=== Section Start ===
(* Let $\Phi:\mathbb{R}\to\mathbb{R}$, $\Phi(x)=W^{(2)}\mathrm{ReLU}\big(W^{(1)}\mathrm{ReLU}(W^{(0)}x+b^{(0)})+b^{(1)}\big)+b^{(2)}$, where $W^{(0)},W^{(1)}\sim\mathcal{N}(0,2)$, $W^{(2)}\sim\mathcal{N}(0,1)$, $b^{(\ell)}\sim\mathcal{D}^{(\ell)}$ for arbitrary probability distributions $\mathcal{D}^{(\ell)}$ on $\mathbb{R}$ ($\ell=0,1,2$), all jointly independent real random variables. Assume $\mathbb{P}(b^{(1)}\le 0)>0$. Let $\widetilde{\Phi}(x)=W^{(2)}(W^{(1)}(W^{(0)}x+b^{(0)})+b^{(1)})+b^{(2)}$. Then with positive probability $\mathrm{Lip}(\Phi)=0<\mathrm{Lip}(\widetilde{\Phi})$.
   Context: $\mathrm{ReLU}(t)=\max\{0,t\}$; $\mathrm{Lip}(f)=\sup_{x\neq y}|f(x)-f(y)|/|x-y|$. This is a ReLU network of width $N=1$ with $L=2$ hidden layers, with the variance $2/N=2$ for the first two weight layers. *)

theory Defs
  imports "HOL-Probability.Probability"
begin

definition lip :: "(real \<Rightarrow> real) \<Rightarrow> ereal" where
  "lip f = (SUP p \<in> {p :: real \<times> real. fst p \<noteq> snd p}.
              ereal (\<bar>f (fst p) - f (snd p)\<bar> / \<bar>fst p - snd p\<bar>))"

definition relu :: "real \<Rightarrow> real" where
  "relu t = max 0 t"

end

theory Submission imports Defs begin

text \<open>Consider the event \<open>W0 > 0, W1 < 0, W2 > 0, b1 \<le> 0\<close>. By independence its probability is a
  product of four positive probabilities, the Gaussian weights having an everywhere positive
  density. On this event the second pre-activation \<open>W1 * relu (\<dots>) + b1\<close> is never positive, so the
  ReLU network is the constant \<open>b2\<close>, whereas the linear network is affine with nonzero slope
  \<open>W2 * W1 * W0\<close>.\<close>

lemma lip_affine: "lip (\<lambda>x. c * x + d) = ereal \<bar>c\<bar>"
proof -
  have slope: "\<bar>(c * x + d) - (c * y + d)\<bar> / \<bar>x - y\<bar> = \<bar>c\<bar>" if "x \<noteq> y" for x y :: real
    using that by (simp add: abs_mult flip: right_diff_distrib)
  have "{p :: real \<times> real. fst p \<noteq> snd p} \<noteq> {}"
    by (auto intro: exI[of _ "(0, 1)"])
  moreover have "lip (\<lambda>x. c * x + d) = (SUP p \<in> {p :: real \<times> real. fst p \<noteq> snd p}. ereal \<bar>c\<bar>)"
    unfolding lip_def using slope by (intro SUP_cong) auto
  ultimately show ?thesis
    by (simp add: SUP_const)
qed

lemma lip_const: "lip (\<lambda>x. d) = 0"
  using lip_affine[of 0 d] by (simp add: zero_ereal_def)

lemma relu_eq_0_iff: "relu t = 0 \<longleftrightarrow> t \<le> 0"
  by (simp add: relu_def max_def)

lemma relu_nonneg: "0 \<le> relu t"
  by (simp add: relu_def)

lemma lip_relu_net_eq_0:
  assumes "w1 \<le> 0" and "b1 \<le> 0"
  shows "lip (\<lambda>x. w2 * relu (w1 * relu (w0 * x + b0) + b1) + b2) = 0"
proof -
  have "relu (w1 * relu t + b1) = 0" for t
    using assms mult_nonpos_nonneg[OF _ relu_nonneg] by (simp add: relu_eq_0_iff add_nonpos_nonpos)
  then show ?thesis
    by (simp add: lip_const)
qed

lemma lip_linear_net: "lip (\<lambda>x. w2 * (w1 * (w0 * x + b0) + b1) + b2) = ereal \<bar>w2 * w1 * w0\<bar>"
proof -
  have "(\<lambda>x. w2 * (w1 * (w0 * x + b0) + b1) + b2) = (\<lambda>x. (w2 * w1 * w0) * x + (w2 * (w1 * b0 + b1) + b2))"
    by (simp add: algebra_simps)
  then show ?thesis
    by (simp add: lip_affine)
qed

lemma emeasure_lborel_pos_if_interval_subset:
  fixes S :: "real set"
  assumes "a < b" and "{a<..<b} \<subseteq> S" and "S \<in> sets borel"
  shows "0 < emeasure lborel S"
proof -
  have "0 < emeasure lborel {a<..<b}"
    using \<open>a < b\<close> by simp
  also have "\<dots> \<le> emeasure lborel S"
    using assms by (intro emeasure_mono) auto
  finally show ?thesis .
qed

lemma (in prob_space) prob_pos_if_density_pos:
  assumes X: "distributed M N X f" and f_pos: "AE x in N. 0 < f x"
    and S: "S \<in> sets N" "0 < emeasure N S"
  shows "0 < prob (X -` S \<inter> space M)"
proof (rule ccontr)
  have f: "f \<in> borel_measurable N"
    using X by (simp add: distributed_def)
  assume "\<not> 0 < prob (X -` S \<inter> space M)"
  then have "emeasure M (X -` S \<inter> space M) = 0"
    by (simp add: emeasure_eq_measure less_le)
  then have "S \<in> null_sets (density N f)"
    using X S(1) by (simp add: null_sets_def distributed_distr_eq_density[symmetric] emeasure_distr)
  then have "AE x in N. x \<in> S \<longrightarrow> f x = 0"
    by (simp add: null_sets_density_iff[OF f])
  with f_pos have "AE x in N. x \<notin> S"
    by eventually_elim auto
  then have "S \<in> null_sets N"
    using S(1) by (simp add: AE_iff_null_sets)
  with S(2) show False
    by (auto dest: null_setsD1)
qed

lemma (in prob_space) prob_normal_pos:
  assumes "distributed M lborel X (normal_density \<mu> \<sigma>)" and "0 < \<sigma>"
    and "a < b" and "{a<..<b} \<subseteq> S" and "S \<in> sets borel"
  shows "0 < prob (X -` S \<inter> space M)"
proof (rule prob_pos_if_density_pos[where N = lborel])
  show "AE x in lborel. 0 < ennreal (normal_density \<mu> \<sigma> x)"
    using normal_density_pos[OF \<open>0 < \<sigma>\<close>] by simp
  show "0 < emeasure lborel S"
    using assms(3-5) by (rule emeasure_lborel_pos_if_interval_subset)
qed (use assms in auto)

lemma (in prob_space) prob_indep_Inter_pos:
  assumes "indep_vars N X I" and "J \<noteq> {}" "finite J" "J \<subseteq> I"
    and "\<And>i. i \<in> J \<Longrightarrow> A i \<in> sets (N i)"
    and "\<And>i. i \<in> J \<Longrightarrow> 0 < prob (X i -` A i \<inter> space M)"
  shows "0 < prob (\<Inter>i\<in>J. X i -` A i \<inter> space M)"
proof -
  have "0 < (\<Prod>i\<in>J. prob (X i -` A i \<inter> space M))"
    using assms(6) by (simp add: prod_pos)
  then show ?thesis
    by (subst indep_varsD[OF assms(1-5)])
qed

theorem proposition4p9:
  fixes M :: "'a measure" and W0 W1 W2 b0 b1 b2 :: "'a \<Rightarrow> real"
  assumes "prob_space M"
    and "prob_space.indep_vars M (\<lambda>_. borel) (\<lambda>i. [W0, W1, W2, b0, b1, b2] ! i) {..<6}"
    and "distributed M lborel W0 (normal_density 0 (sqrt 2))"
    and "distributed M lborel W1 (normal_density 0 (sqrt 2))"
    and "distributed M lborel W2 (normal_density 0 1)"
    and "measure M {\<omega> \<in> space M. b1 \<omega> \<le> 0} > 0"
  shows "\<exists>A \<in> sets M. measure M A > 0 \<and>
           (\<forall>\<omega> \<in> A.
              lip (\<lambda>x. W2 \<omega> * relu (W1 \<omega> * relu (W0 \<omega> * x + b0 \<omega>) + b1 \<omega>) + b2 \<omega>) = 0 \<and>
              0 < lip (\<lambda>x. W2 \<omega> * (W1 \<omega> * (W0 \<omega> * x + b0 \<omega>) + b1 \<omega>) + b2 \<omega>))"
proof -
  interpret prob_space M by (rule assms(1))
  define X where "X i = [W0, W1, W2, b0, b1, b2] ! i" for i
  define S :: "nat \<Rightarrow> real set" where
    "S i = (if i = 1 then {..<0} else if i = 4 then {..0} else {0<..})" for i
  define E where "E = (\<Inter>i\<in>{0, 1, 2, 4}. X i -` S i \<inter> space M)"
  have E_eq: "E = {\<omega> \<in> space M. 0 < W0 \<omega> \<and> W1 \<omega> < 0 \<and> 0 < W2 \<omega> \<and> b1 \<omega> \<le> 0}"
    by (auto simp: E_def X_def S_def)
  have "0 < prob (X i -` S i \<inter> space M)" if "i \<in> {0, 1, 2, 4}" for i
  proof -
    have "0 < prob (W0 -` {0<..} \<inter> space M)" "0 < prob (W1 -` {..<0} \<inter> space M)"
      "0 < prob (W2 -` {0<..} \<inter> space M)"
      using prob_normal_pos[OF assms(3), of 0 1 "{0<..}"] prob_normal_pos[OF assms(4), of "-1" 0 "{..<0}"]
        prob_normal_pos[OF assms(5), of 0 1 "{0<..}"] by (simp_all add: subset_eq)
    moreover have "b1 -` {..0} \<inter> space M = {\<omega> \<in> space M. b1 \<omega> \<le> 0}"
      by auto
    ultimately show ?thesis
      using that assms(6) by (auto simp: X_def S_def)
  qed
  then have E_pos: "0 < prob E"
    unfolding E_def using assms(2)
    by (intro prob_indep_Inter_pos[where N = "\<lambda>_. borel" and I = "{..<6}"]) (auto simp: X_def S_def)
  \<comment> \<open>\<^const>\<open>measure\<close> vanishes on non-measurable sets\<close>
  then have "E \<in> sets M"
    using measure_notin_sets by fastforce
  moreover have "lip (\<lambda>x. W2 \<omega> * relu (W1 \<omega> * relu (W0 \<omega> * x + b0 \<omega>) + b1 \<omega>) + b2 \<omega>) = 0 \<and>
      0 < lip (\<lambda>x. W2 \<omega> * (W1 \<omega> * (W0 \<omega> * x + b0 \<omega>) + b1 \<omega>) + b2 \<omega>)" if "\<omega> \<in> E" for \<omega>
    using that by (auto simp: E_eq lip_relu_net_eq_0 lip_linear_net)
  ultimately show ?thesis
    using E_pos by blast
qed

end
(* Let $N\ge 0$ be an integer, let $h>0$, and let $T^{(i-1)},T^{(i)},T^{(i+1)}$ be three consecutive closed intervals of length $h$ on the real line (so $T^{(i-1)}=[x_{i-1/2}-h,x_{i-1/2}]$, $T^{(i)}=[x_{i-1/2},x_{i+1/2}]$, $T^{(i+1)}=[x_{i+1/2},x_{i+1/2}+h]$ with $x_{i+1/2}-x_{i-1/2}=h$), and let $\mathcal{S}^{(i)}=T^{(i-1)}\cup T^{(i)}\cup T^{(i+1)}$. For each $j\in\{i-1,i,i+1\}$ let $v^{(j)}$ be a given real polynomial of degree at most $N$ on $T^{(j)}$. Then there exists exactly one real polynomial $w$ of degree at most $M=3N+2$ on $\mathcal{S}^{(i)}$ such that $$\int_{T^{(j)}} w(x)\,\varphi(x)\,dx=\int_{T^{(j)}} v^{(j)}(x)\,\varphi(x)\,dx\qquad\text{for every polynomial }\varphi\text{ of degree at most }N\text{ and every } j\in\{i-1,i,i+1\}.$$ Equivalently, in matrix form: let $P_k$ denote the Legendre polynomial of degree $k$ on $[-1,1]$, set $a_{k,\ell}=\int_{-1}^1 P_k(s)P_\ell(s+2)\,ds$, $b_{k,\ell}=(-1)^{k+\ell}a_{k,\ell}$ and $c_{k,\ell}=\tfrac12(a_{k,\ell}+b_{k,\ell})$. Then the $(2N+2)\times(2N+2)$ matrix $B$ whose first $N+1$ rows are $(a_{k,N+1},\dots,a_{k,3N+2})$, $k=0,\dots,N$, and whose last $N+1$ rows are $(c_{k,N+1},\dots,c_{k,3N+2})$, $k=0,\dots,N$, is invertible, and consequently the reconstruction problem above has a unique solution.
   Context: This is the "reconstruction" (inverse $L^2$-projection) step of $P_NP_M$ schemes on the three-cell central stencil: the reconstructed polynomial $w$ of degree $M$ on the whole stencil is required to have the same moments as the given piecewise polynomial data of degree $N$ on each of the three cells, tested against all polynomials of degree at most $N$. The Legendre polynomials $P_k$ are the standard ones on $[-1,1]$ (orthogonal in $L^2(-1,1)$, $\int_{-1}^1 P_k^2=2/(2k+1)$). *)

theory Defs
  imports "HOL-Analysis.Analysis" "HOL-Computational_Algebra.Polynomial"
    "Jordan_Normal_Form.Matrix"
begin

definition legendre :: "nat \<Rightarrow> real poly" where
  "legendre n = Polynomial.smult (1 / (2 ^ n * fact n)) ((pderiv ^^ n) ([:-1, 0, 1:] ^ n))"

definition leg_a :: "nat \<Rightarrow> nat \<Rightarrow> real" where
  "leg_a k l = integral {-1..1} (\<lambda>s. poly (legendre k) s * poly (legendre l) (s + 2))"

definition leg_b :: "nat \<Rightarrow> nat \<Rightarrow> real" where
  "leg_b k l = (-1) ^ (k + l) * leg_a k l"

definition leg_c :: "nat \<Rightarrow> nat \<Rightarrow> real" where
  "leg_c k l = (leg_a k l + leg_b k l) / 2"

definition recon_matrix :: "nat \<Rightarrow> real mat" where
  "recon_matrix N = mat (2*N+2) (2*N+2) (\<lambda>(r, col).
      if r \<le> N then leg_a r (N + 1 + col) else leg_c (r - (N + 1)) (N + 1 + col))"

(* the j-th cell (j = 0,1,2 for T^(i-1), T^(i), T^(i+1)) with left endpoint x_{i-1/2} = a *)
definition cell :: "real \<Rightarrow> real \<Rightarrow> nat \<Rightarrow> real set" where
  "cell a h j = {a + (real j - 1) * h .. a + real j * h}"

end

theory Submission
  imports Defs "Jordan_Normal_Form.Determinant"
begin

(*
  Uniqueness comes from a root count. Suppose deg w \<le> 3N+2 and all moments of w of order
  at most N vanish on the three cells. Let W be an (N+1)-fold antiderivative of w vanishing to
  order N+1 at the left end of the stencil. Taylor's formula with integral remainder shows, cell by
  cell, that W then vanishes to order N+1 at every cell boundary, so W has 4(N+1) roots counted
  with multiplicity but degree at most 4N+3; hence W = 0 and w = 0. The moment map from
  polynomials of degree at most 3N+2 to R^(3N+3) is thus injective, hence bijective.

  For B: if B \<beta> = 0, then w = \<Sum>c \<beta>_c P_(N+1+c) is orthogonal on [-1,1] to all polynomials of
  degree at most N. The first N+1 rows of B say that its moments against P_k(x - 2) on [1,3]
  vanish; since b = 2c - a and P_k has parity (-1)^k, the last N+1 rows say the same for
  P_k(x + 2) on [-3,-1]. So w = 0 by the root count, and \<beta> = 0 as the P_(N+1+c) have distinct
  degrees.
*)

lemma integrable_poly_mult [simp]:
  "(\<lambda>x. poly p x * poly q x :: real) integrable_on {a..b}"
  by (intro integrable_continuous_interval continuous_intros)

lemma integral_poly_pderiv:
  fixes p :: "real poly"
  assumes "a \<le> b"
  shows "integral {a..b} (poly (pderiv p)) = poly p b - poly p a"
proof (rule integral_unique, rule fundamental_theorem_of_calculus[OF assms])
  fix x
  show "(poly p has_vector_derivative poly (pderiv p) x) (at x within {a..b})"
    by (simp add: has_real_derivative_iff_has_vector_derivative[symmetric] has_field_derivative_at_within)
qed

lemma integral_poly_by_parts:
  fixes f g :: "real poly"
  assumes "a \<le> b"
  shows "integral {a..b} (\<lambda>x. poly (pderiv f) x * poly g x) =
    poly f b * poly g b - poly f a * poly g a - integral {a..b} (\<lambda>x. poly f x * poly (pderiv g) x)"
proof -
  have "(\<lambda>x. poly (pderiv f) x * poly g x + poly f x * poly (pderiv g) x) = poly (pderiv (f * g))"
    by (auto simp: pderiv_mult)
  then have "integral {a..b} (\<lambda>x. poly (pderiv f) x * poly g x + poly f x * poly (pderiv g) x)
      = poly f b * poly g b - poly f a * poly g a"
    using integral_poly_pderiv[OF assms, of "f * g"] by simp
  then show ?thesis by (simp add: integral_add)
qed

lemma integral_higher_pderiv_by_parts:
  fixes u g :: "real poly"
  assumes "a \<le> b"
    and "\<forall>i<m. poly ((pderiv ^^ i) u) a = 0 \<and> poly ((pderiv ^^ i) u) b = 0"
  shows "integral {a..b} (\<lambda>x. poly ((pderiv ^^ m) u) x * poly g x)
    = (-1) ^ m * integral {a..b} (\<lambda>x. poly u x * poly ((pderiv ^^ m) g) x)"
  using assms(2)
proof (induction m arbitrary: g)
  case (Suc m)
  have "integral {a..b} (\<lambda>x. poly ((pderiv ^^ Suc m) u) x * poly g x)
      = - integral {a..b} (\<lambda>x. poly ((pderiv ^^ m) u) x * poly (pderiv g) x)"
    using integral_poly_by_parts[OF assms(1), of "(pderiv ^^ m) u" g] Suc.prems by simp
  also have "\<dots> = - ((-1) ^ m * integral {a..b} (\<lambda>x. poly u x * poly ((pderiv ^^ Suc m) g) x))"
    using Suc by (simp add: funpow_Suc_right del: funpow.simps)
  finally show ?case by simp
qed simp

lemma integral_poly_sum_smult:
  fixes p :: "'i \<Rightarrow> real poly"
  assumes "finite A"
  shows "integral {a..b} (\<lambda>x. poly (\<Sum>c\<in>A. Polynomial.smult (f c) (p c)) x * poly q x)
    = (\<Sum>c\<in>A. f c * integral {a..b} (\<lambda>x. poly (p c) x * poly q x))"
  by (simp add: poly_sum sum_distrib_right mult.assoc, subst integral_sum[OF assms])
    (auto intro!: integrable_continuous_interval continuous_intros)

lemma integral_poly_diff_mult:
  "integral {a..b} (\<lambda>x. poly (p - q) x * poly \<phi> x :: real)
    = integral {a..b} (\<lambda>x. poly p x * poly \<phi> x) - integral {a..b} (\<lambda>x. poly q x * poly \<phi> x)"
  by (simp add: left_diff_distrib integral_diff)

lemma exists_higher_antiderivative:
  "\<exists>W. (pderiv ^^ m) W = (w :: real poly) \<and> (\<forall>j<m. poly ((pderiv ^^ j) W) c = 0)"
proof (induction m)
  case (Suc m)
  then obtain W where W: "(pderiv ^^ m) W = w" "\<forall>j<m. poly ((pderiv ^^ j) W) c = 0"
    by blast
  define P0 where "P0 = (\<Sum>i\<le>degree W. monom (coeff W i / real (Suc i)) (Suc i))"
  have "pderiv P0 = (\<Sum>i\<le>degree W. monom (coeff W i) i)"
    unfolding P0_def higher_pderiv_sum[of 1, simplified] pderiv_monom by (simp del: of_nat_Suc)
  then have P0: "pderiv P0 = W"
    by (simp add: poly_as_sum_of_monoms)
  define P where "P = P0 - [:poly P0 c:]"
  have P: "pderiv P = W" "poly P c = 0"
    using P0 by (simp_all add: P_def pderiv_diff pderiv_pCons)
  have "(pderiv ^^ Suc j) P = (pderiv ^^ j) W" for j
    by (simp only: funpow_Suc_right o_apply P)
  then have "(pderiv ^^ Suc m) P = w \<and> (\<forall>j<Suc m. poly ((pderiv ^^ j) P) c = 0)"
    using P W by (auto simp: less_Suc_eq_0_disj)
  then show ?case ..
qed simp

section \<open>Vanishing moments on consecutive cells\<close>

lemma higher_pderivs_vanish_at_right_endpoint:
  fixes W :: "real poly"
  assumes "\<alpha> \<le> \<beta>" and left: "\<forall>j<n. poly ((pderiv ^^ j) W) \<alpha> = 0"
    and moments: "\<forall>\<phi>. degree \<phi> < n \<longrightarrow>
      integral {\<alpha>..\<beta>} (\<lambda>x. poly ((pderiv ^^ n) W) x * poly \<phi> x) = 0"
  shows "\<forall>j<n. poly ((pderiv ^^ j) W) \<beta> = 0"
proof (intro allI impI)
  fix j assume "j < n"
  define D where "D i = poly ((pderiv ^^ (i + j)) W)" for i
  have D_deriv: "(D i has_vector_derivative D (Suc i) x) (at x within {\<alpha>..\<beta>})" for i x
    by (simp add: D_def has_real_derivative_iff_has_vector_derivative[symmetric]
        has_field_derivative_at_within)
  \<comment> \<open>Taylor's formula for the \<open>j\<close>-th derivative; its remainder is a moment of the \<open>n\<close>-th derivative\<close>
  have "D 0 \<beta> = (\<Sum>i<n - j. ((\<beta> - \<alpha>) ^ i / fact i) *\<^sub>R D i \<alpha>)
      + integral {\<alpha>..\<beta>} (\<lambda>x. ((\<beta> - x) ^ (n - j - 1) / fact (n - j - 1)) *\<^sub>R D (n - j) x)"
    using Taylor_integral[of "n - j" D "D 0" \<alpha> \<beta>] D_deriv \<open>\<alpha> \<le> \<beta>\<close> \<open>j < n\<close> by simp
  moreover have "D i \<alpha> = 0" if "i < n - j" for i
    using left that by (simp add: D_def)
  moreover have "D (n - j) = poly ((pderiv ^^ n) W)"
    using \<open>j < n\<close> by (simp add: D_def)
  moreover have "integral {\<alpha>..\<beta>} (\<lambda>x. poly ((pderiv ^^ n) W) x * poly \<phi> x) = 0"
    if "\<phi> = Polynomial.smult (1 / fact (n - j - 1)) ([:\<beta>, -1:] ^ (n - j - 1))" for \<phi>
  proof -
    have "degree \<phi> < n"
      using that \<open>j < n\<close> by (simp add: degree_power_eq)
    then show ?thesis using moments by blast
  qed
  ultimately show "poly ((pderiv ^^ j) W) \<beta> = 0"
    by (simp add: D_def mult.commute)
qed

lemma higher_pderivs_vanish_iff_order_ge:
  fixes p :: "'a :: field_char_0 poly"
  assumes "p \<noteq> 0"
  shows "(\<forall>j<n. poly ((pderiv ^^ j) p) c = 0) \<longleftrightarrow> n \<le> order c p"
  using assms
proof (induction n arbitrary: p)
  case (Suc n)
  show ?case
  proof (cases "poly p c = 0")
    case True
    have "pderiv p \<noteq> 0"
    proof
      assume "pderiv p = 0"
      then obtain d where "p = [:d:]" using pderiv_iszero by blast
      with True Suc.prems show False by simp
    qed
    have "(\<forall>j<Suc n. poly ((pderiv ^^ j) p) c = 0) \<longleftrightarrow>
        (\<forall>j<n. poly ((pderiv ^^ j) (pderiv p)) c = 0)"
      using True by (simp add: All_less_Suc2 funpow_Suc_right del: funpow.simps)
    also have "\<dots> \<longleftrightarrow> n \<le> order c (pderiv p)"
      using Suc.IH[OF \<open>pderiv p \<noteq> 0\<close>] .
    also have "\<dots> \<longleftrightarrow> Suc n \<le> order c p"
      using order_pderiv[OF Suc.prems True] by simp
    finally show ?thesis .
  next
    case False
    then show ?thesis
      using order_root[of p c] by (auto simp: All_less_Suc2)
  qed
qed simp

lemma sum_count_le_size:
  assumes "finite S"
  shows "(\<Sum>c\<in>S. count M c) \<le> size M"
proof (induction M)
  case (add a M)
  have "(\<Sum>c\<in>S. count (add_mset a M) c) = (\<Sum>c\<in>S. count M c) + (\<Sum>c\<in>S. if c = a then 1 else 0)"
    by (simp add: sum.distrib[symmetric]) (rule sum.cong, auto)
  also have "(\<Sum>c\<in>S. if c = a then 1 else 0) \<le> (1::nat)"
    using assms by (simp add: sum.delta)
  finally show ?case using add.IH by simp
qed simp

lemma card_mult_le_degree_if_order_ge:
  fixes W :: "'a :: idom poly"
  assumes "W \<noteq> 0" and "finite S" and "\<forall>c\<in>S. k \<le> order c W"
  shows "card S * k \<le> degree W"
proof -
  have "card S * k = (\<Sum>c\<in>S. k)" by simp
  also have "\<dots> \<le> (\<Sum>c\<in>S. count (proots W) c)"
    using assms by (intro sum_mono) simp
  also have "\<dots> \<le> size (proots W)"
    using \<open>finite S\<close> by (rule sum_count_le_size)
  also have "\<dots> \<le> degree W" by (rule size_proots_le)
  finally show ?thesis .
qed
=== Section End ===
### TASK OBJECTIVE
Could you return every line from the entries above in which the string "intro" occurs?

### ANSWER TO THIS TASK
    by (auto intro: exI[of _ "(0, 1)"])
    unfolding lip_def using slope by (intro SUP_cong) auto
    using assms by (intro emeasure_mono) auto
    by (intro prob_indep_Inter_pos[where N = "\<lambda>_. borel" and I = "{..<6}"]) (auto simp: X_def S_def)
  by (intro integrable_continuous_interval continuous_intros)
    (auto intro!: integrable_continuous_interval continuous_intros)
proof (intro allI impI)
    using assms by (intro sum_mono) simp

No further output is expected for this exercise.